Characteristics of brown adipose tissue, "physiological antiobesity tissue"
The role played by brown adipocytes is different from that covered by white adipocytes. First of all because they are smaller cells, whose dark color is due to the presence of cytochromes contained in the numerous mitochondria. Unlike the white adipocyte, brown adipocytes do not contain a single large fat mass but many small drops of triglycerides, called lipid vacuoles. Consequently the nucleus and the cytoplasm are not located in the periphery but well distinguishable inside the cell. Besides a morphological difference there is also a functional one.
If the body suffers from hypothermia, brown adipocytes respond by mobilizing their own triglycerides, from whose catabolism dissipable energy is released in the form of heat.
This phenomenon is called shiver-free thermogenesis, to distinguish it from the classic shiver (involuntary muscle contraction directed to the production of heat).
The brown adipose cell, which is the cell of the body richest in mitochondria, contains a mitochondrial protein, called UCP-1 (disaccopiante protein), which is the real marker of this adipocyte and intervenes in thermogenesis. When a sympathetic stimulus arrives, thanks above all to B3-adrenergic receptors, thermogenetic activity is activated. Genetically deprived mice of these receptors undergo a phenomenon of transdifferentiation of brown adipose tissue, which is transformed into white adipose tissue making them massively obese despite greater physical activity and the normocaloric diet.
Brown adipose tissue has a rich sympathetic innervation which makes it particularly sensitive to the activity of catecholamines, hormones secreted rapidly in response to acute psychophysical stress.
Brown adipose tissue is activated, not only in response to a drop in temperature, but also in the event of excessive caloric intake with the diet. In theory this phenomenon, based on the dispersion of the caloric surplus in the form of heat, should guarantee the homeostasis of body weight, independently of the food excesses.

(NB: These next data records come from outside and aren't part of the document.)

lemma transpose_circ8_dft: "map_mat complex_of_real (transpose_mat (circ8 r mu z1 z2 z3)) = dft8 * diag8 (\<lambda>k. cnj (circ8_eig r mu z1 z2 z3 k)) * idft8"
proof (rule eq_matI)
  fix i j assume "i < dim_row (dft8 * diag8 (\<lambda>k. cnj (circ8_eig r mu z1 z2 z3 k)) * idft8)" "j < dim_col (dft8 * diag8 (\<lambda>k. cnj (circ8_eig r mu z1 z2 z3 k)) * idft8)"
  hence i: "i < 8" and j: "j < 8" by auto
  have "(\<Sum>k<8. cnj (circ8_eig r mu z1 z2 z3 k) * omega8 k (int i - int j)) = cnj (\<Sum>k<8. circ8_eig r mu z1 z2 z3 k * omega8 k (int j - int i))"
    by (simp add: omega8_minus[symmetric])
  also have "\<dots> = of_real (8 * circ8_entry r mu z1 z2 z3 (int j - int i))" unfolding sum_circ8_eig_omega8 by simp
  finally have eq: "(\<Sum>k<8. cnj (circ8_eig r mu z1 z2 z3 k) * omega8 k (int i - int j)) = of_real (8 * circ8_entry r mu z1 z2 z3 (int j - int i))" .
  show "map_mat complex_of_real (transpose_mat (circ8 r mu z1 z2 z3)) $$ (i, j) = (dft8 * diag8 (\<lambda>k. cnj (circ8_eig r mu z1 z2 z3 k)) * idft8) $$ (i, j)"
    unfolding index_dft8_diag8_idft8[OF i j] eq using i j by (simp add: circ8_def)
qed auto

lemma diag8_mult: "diag8 d * diag8 e = diag8 (\<lambda>i. d i * e i)"
proof (rule eq_matI)
  fix i j assume "i < dim_row (diag8 (\<lambda>i. d i * e i))" "j < dim_col (diag8 (\<lambda>i. d i * e i))"
  hence i: "i < 8" and j: "j < 8" by auto
  have "(diag8 d * diag8 e) $$ (i,j) = (\<Sum>k\<in>{0..<8}. diag8 d $$ (i,k) * diag8 e $$ (k,j))"
    using i j by (simp add: scalar_prod_def)
  also have "\<dots> = (\<Sum>k\<in>{0..<8}. if k = i then (if i = j then d i * e i else 0) else 0)"
    by (rule sum.cong[OF refl], insert i j, auto simp: diag8_def)
  finally show "(diag8 d * diag8 e) $$ (i,j) = diag8 (\<lambda>i. d i * e i) $$ (i,j)" using i j by (simp add: diag8_def)
qed auto

lemma diag8_commute: "diag8 d * diag8 e = diag8 e * diag8 d"
  unfolding diag8_mult by (simp add: mult.commute)

lemma dft8_diag8_mult: "(dft8 * diag8 d * idft8) * (dft8 * diag8 e * idft8) = dft8 * (diag8 d * diag8 e) * idft8"
proof -
  have c: "dft8 \<in> carrier_mat 8 8" "idft8 \<in> carrier_mat 8 8" "diag8 d \<in> carrier_mat 8 8" "diag8 e \<in> carrier_mat 8 8" by auto
  define X where "X = dft8 * diag8 d"
  have X: "X \<in> carrier_mat 8 8" unfolding X_def by auto
  have Y: "dft8 * diag8 e * idft8 \<in> carrier_mat 8 8" by auto
  have "(dft8 * diag8 d * idft8) * (dft8 * diag8 e * idft8) = X * (idft8 * (dft8 * diag8 e * idft8))"
    unfolding X_def[symmetric] by (rule assoc_mult_mat[OF X c(2) Y])
  also have "idft8 * (dft8 * diag8 e * idft8) = (idft8 * (dft8 * diag8 e)) * idft8"
    by (rule assoc_mult_mat[symmetric], auto)
  also have "idft8 * (dft8 * diag8 e) = (idft8 * dft8) * diag8 e"
    by (rule assoc_mult_mat[symmetric], auto)
  also have "\<dots> = diag8 e" unfolding idft8_dft8 by simp
  also have "X * (diag8 e * idft8) = (X * diag8 e) * idft8"
    by (rule assoc_mult_mat[symmetric, OF X], auto)
  also have "X * diag8 e = dft8 * (diag8 d * diag8 e)" unfolding X_def
    by (rule assoc_mult_mat, auto)
  finally show ?thesis .
qed


lemma circ8_normal: "circ8 r mu z1 z2 z3 * transpose_mat (circ8 r mu z1 z2 z3) = transpose_mat (circ8 r mu z1 z2 z3) * circ8 r mu z1 z2 z3"
proof (rule of_real_hom.mat_hom_inj)
  let ?C = "circ8 r mu z1 z2 z3"
  have "map_mat complex_of_real (?C * transpose_mat ?C) = map_mat complex_of_real ?C * map_mat complex_of_real (transpose_mat ?C)"
    by (rule of_real_hom.mat_hom_mult, auto)
  also have "\<dots> = dft8 * (diag8 (circ8_eig r mu z1 z2 z3) * diag8 (\<lambda>k. cnj (circ8_eig r mu z1 z2 z3 k))) * idft8"
    unfolding circ8_dft transpose_circ8_dft dft8_diag8_mult ..
  also have "\<dots> = dft8 * (diag8 (\<lambda>k. cnj (circ8_eig r mu z1 z2 z3 k)) * diag8 (circ8_eig r mu z1 z2 z3)) * idft8"
    by (simp add: diag8_commute)
  also have "\<dots> = map_mat complex_of_real (transpose_mat ?C) * map_mat complex_of_real ?C"
    unfolding circ8_dft transpose_circ8_dft dft8_diag8_mult ..
  also have "\<dots> = map_mat complex_of_real (transpose_mat ?C * ?C)"
    by (rule of_real_hom.mat_hom_mult[symmetric], auto)
  finally show "map_mat complex_of_real (?C * transpose_mat ?C) = map_mat complex_of_real (transpose_mat ?C * ?C)" .
qed

lemma has_eigenvalues_circ8:
  "has_eigenvalues (circ8 r mu z1 z2 z3) (map (circ8_eig r mu z1 z2 z3) [0..<8])"
proof -
  have sim: "similar_mat (map_mat complex_of_real (circ8 r mu z1 z2 z3)) (diag8 (circ8_eig r mu z1 z2 z3))"
    by (rule similar_matI[where n = 8 and P = dft8 and Q = idft8]) (auto simp: dft8_idft8 idft8_dft8 circ8_dft)
  have "char_poly (diag8 (circ8_eig r mu z1 z2 z3)) = (\<Prod>a\<leftarrow>diag_mat (diag8 (circ8_eig r mu z1 z2 z3)). [:- a, 1:])"
    by (rule char_poly_upper_triangular) (auto simp: upper_triangular_def diag8_def)
  moreover have "diag_mat (diag8 (circ8_eig r mu z1 z2 z3)) = map (circ8_eig r mu z1 z2 z3) [0..<8]"
    by (auto simp: diag_mat_def diag8_def)
  ultimately show ?thesis
    by (simp add: has_eigenvalues_def char_poly_similar[OF sim])
qed

definition circ8_perm :: "nat \<Rightarrow> nat" where "circ8_perm i = (if i < 4 then i else 11 - i)"

lemma circ8_perm_less: "i < 8 \<Longrightarrow> circ8_perm i < 8"
  by (auto simp: circ8_perm_def)

lemma circ8_perm_bij: "bij_betw circ8_perm {..<8} {..<8}"
  by (rule bij_betw_byWitness[where f' = circ8_perm]) (auto simp: circ8_perm_def)

text \<open>Reversing the index order of the permuted circulant shifts every difference of
  indices by a multiple of 8, to which the circulant is blind.\<close>

lemma circ8_perm_rev: "p < 8 \<Longrightarrow> int (circ8_perm (7 - p)) = int (circ8_perm p) + 8 * (if p < 4 then 1 else 0) - 4"
  by (auto simp: circ8_perm_def)

interpretation circ8_perm: index_perm 8 circ8_perm by unfold_locales (rule circ8_perm_bij)

definition circ8_centro :: "real \<Rightarrow> real \<Rightarrow> complex \<Rightarrow> complex \<Rightarrow> complex \<Rightarrow> real mat" where
  "circ8_centro r mu z1 z2 z3 = permute_mat circ8_perm (circ8 r mu z1 z2 z3)"

lemma circ8_centro_carrier[simp]: "circ8_centro r mu z1 z2 z3 \<in> carrier_mat 8 8"
  using permute_mat_carrier[of circ8_perm "circ8 r mu z1 z2 z3"] by (simp add: circ8_centro_def)

lemma circ8_mult_ones: "circ8 r mu z1 z2 z3 *\<^sub>v ones_vec 8 = r \<cdot>\<^sub>v ones_vec 8"
proof (rule eq_vecI)
  fix i assume "i < dim_vec (r \<cdot>\<^sub>v ones_vec 8)"
  then have i: "i < 8" by (simp add: ones_vec_def)
  have "(circ8 r mu z1 z2 z3 *\<^sub>v ones_vec 8) $ i = (\<Sum>j<8. circ8_entry r mu z1 z2 z3 (int i - int j))"
    using i by (simp add: scalar_prod_def ones_vec_def circ8_def sum_atLeast0_8)
  then show "(circ8 r mu z1 z2 z3 *\<^sub>v ones_vec 8) $ i = (r \<cdot>\<^sub>v ones_vec 8) $ i"
    using i by (simp add: circ8_row_sum ones_vec_def)
qed (simp add: ones_vec_def)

An increase in thermogenesis has been shown in hypernutrite rats, with a preventive effect on the development of obesity. Brown adipose tissue responded to this condition with the same metabolic and structural changes activated during cold thermogenesis. Not surprisingly, as soon as you have eaten, the temperature increases by about 0.5 / 1 degree, precisely because of this form of postprandial thermogenesis mediated by brown adipose tissue, which tends to keep the body's energy balance stable despite the meal's calorie surplus.
The experimental animal exposed to cold for ten days transforms the phenotype of its adipose organ into a predominantly brown phenotype. The surprising thing is that not only the percentages of white / brown adipocytes change, but that the total number of fat cells remains constant; this means that under certain conditions mature white adipocytes can turn into brown adipocytes, and vice versa.

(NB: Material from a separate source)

(* Consider two spacecraft $i=1,2$ together with an assigned third spacecraft $3$, with the notation of the context (edge $(1,2)$, $\rho(1,2)=\rho(2,1)=3$). Let $k^\alpha_{12},k^\beta_{12}>0$ with $k^\alpha_{12}\neq k^\beta_{12}$, and set $k^\alpha_{21}=k^\alpha_{12}$ and $k^\beta_{21}=k^\beta_{12}$. Define $$\Psi_{12}=k^\alpha_{12}\Psi^\alpha_{12}+k^\beta_{12}\Psi^\beta_{12},\quad e_{12}=k^\alpha_{12}e^\alpha_{12}+k^\beta_{12}e^\beta_{12},\quad e_{21}=k^\alpha_{21}e^\alpha_{21}+k^\beta_{21}e^\beta_{21}.$$ Then, along any trajectory of the kinematics $\dot R_i=R_i\hat\Omega_i$ ($i=1,2$): (i) $e_{12}=-Q^d_{21}e_{21}$, and hence $\|e_{12}\|=\|e_{21}\|$. (ii) $\frac{d}{dt}\Psi_{12}=e_{12}\cdot e_{\Omega_1}+e_{21}\cdot e_{\Omega_2}$. (iii) $\|\dot e_{12}\|\le (k^\alpha_{12}+k^\beta_{12})(\|e_{\Omega_1}\|+\|e_{\Omega_2}\|)+B^d\|e_{12}\|$ and $\|\dot e_{21}\|\le (k^\alpha_{12}+k^\beta_{12})(\|e_{\Omega_1}\|+\|e_{\Omega_2}\|)+B^d\|e_{21}\|$. (iv) If $\Psi_{12}\le\psi<2\min\{k^\alpha_{12},k^\beta_{12}\}$ for a constant $\psi$, then $$\underline\psi_{12}\|e_{12}\|^2\le\Psi_{12}\le\overline\psi_{12}\|e_{12}\|^2,$$ where $$\underline\psi_{12}=\frac{\min\{k^\alpha_{12},k^\beta_{12}\}}{2\max\{(k^\alpha_{12})^2,(k^\beta_{12})^2,(k^\alpha_{12}-k^\beta_{12})^2\}+2(k^\alpha_{12}+k^\beta_{12})^2},$$ $$\overline\psi_{12}=\frac{\min\{k^\alpha_{12},k^\beta_{12}\}\,(k^\alpha_{12}+k^\beta_{12})}{\min\{(k^\alpha_{12})^2,(k^\beta_{12})^2\}\,\bigl(2\min\{k^\alpha_{12},k^\beta_{12}\}-\psi\bigr)}.$$
   Context: Notation: $\mathsf{SO}(3)=\{R\in\mathbb{R}^{3\times3}: R^TR=I,\ \det R=1\}$. The hat map $\hat{\cdot}:\mathbb{R}^3\to\mathfrak{so}(3)$ is defined by $\hat x y=x\times y$. $\|\cdot\|$ is the Euclidean norm, and $x\cdot y=x^Ty$. Spacecraft $i$ is a rigid body with attitude $R_i(t)\in\mathsf{SO}(3)$, which maps body-frame to inertial-frame coordinates. Its body angular velocity is $\Omega_i(t)\in\mathbb{R}^3$, and $\dot R_i=R_i\hat\Omega_i$. The spacecraft positions $p_i\in\mathbb{R}^3$ are fixed in the inertial frame. Set $s_{ij}=(p_j-p_i)/\|p_j-p_i\|$; these are constant unit vectors with $s_{ji}=-s_{ij}$. The line-of-sight measurement of spacecraft $j$ from spacecraft $i$, expressed in the body frame of $i$, is $b_{ij}=R_i^Ts_{ij}$. Set $b_{ijk}=b_{ij}\times b_{ik}$ and $s_{ijk}=s_{ij}\times s_{ik}$. The relative attitude is $Q_{ij}=R_j^TR_i$. For an edge $(i,j)$, a third spacecraft $k=\rho(i,j)=\rho(j,i)$ is assigned, with $p_i,p_j,p_k$ not collinear. Put $a_{ij}=a_{ji}=\|b_{ijk}\|\,\|b_{jik}\|$; this is a nonzero constant. A desired relative attitude $Q^d_{ij}:[0,\infty)\to\mathsf{SO}(3)$ is smooth, with $\dot Q^d_{ij}=Q^d_{ij}\hat\Omega^d_{ij}$ and $Q^d_{ji}=(Q^d_{ij})^T$. Desired absolute angular velocities $\Omega^d_i(t)$ are $C^1$ functions chosen so that $\Omega^d_{ij}=\Omega^d_i-Q^d_{ji}\Omega^d_j$ for each edge, and $\|\Omega^d_i(t)\|\le B^d$ for all $t\ge0$, for a known constant $B^d>0$. The angular velocity error is $e_{\Omega_i}=\Omega_i-\Omega^d_i$. Error variables for $(i,j,k)$ with $k=\rho(i,j)$: $\Psi^\alpha_{ij}=1+b_{ji}\cdot Q^d_{ij}b_{ij}$, $\Psi^\beta_{ij}=1+\frac{1}{a_{ij}}\,b_{jik}\cdot Q^d_{ij}b_{ijk}$, $e^\alpha_{ij}=(Q^d_{ji}b_{ji})\times b_{ij}$, $e^\beta_{ij}=\frac{1}{a_{ij}}(Q^d_{ji}b_{jik})\times b_{ijk}$. With gains $k^\alpha_{ij}=k^\alpha_{ji}>0$ and $k^\beta_{ij}=k^\beta_{ji}>0$, set $\Psi_{ij}=k^\alpha_{ij}\Psi^\alpha_{ij}+k^\beta_{ij}\Psi^\beta_{ij}$ and $e_{ij}=k^\alpha_{ij}e^\alpha_{ij}+k^\beta_{ij}e^\beta_{ij}$. *)

theory Defs
  imports "HOL-Analysis.Analysis"
begin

In genetically obese rats, brown adipose tissue has a reduced thermogenetic capacity.
The reduced presence of brown adipocytes in an adult individual therefore appears to be one of the many pathogenetic mechanisms underlying obesity.

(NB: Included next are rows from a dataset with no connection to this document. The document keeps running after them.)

lemma has_prod_euler_factor_3:
  "euler_factor (\<lambda>p. p = 3) \<sigma> has_prod inverse (1 - 3 powr -\<sigma>)"
proof -
  have "euler_factor (\<lambda>p. p = 3) \<sigma> = (\<lambda>n. if n \<in> {3} then inverse (1 - real n powr -\<sigma>) else 1)"
    by (auto simp: fun_eq_iff euler_factor_def)
  with has_prod_If_finite_set[of "{3}" "\<lambda>n. inverse (1 - real n powr -\<sigma>)"] show ?thesis
    by simp
qed

lemma zeta_real_euler_mod_3:
  assumes "\<sigma> > 1"
  shows "zeta_real \<sigma> = inverse (1 - 3 powr -\<sigma>)
    * prime_restricted_zeta (\<lambda>p. p mod 3 = 1) \<sigma> * prime_restricted_zeta (\<lambda>p. p mod 3 = 2) \<sigma>"
proof -
  have "(\<lambda>n. euler_factor (\<lambda>p. p = 3) \<sigma> n
      * euler_factor (\<lambda>p. p mod 3 = 1) \<sigma> n * euler_factor (\<lambda>p. p mod 3 = 2) \<sigma> n)
    has_prod (inverse (1 - 3 powr -\<sigma>)
      * prime_restricted_zeta (\<lambda>p. p mod 3 = 1) \<sigma> * prime_restricted_zeta (\<lambda>p. p mod 3 = 2) \<sigma>)"
    by (intro has_prod_mult has_prod_euler_factor_3 has_prod_euler_factor assms)
  moreover have "euler_factor (\<lambda>p. p = 3) \<sigma> n
      * euler_factor (\<lambda>p. p mod 3 = 1) \<sigma> n * euler_factor (\<lambda>p. p mod 3 = 2) \<sigma> n
    = euler_factor (\<lambda>_. True) \<sigma> n" for n
    by (cases "prime n") (auto simp: euler_factor_def elim: prime_mod_3_cases)
  ultimately have "euler_factor (\<lambda>_. True) \<sigma> has_prod (inverse (1 - 3 powr -\<sigma>)
      * prime_restricted_zeta (\<lambda>p. p mod 3 = 1) \<sigma> * prime_restricted_zeta (\<lambda>p. p mod 3 = 2) \<sigma>)"
    by simp
  then show ?thesis
    using has_prod_unique2[OF has_prod_zeta_real[OF assms]] by simp
qed

lemma zeta_real_mult_L_chi3:
  assumes "\<sigma> > 1"
  shows "zeta_real \<sigma> * L_chi3 \<sigma> = inverse (1 - 3 powr -\<sigma>)
    * prime_restricted_zeta (\<lambda>p. p mod 3 = 1) \<sigma> ^ 2
    * prime_restricted_zeta (\<lambda>p. p mod 3 = 2) (2 * \<sigma>)"
proof -
  have "(\<lambda>n. euler_factor (\<lambda>p. p = 3) \<sigma> n
      * euler_factor (\<lambda>p. p mod 3 = 1) \<sigma> n ^ 2 * euler_factor (\<lambda>p. p mod 3 = 2) (2 * \<sigma>) n)
    has_prod (inverse (1 - 3 powr -\<sigma>) * prime_restricted_zeta (\<lambda>p. p mod 3 = 1) \<sigma> ^ 2
      * prime_restricted_zeta (\<lambda>p. p mod 3 = 2) (2 * \<sigma>))"
    using assms
    by (intro has_prod_mult has_prod_power has_prod_euler_factor_3 has_prod_euler_factor) auto
  moreover have "euler_factor (\<lambda>p. p = 3) \<sigma> n
      * euler_factor (\<lambda>p. p mod 3 = 1) \<sigma> n ^ 2 * euler_factor (\<lambda>p. p mod 3 = 2) (2 * \<sigma>) n
    = euler_factor (\<lambda>_. True) \<sigma> n * (if prime n then inverse (1 - chi3 n * real n powr -\<sigma>) else 1)"
    for n
  proof (cases "prime n")
    case True
    have "1 - real n powr -(2 * \<sigma>) = (1 - real n powr -\<sigma>) * (1 + real n powr -\<sigma>)"
      by (simp add: algebra_simps powr_add[symmetric])
    with True show ?thesis
      by (cases rule: prime_mod_3_cases)
        (auto simp: euler_factor_def chi3_def power2_eq_square inverse_mult_distrib)
  qed (auto simp: euler_factor_def)
  ultimately have "(\<lambda>n. euler_factor (\<lambda>_. True) \<sigma> n
      * (if prime n then inverse (1 - chi3 n * real n powr -\<sigma>) else 1))
    has_prod (inverse (1 - 3 powr -\<sigma>) * prime_restricted_zeta (\<lambda>p. p mod 3 = 1) \<sigma> ^ 2
      * prime_restricted_zeta (\<lambda>p. p mod 3 = 2) (2 * \<sigma>))"
    by simp
  moreover have "(\<lambda>n. euler_factor (\<lambda>_. True) \<sigma> n
      * (if prime n then inverse (1 - chi3 n * real n powr -\<sigma>) else 1))
    has_prod (zeta_real \<sigma> * L_chi3 \<sigma>)"
    by (intro has_prod_mult has_prod_zeta_real has_prod_L_chi3 assms)
  ultimately show ?thesis
    using has_prod_unique2 by blast
qed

According to the most recent studies, the adipose tissue of mammals (including humans) has the intrinsic capacity to transform white adipocytes into brown adipocytes, and vice versa. Indeed, brown adipose tissue is not numerically constant in its cell population, but expands and shrinks as needed. This event is due to hyperplasia and conversion of white adipocytes into brown adipocytes; the cohabitation of these cells is in fact antithetic (the white ones accumulate the lipids while the brown ones burn them). The discovery of these biological mechanisms opens the door to future therapeutic developments in the treatment of obesity; theoretically, in fact, to defeat it would be sufficient to increase the percentage of brown adipocytes, which is also very useful in the prevention of diabetes.